→ Exercise instructions
Output, word for word, the lines of this listing that fall between the line with "unfolding \<mu>_def using" and the line with "then obtain r", counting both of those lines, and no others.

→ Material for the task
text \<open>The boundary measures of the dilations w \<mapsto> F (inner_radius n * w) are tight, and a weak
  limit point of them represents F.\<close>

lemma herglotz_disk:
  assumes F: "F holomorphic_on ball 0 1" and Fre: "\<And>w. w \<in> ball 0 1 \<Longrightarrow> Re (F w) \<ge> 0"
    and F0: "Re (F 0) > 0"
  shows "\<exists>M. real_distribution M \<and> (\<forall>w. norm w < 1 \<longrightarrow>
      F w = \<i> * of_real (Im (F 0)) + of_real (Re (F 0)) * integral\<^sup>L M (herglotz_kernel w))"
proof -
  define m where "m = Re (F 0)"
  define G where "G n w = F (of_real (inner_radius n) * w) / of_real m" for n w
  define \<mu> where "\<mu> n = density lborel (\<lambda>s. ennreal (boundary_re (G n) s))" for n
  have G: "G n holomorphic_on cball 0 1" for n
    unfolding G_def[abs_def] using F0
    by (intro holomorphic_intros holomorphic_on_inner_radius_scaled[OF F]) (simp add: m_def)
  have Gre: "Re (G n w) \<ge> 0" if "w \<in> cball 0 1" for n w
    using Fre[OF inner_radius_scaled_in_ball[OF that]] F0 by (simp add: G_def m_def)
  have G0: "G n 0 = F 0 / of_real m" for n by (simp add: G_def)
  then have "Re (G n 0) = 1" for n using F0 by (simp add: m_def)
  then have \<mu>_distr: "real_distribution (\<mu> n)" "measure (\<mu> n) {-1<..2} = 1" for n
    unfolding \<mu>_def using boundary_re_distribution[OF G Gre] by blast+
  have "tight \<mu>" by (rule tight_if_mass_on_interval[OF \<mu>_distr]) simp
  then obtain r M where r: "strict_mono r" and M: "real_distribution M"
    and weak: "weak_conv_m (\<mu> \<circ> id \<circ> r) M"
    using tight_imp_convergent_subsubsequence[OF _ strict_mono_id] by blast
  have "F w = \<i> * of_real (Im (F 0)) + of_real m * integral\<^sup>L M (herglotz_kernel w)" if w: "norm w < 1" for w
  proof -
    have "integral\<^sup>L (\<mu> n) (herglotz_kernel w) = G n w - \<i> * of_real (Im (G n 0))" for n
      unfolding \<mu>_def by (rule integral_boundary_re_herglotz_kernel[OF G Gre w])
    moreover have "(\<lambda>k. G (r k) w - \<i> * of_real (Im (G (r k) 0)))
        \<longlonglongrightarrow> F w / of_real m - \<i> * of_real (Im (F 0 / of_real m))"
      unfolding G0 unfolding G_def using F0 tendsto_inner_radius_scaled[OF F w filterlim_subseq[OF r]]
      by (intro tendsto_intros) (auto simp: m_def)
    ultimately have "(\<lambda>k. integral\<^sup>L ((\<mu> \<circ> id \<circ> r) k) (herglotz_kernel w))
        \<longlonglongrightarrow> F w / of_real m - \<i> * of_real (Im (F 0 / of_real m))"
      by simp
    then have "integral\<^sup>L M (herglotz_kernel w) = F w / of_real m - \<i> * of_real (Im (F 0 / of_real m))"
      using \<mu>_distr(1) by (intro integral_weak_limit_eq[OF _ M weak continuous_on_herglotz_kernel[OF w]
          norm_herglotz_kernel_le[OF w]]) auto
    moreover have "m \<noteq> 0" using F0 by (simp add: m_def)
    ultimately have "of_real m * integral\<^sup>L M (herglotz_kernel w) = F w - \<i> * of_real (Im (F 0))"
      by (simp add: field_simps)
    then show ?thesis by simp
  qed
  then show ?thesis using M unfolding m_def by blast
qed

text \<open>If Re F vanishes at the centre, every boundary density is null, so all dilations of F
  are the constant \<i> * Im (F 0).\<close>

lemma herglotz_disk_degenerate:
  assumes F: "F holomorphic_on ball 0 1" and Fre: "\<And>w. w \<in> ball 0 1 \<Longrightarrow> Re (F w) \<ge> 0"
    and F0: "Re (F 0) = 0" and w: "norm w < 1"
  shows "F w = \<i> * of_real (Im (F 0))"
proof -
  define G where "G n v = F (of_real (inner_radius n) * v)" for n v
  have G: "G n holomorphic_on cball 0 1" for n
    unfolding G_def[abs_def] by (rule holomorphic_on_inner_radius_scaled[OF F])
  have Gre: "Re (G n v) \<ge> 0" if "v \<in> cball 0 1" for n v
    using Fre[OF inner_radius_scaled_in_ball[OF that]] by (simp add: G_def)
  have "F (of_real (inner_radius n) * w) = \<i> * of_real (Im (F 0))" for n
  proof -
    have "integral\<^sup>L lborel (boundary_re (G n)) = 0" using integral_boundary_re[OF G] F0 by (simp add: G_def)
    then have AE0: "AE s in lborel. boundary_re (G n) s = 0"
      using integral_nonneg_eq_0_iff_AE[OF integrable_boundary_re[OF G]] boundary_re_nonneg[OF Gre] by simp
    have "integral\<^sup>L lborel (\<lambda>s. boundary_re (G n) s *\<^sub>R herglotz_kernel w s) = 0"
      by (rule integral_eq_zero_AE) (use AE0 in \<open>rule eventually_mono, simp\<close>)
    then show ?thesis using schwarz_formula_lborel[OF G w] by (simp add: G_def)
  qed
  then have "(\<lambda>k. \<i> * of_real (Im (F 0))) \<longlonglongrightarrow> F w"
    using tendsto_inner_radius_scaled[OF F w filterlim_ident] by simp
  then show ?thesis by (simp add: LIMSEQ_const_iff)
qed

→ Answer for this exercise
    unfolding \<mu>_def using boundary_re_distribution[OF G Gre] by blast+
  have "tight \<mu>" by (rule tight_if_mass_on_interval[OF \<mu>_distr]) simp
  then obtain r M where r: "strict_mono r" and M: "real_distribution M"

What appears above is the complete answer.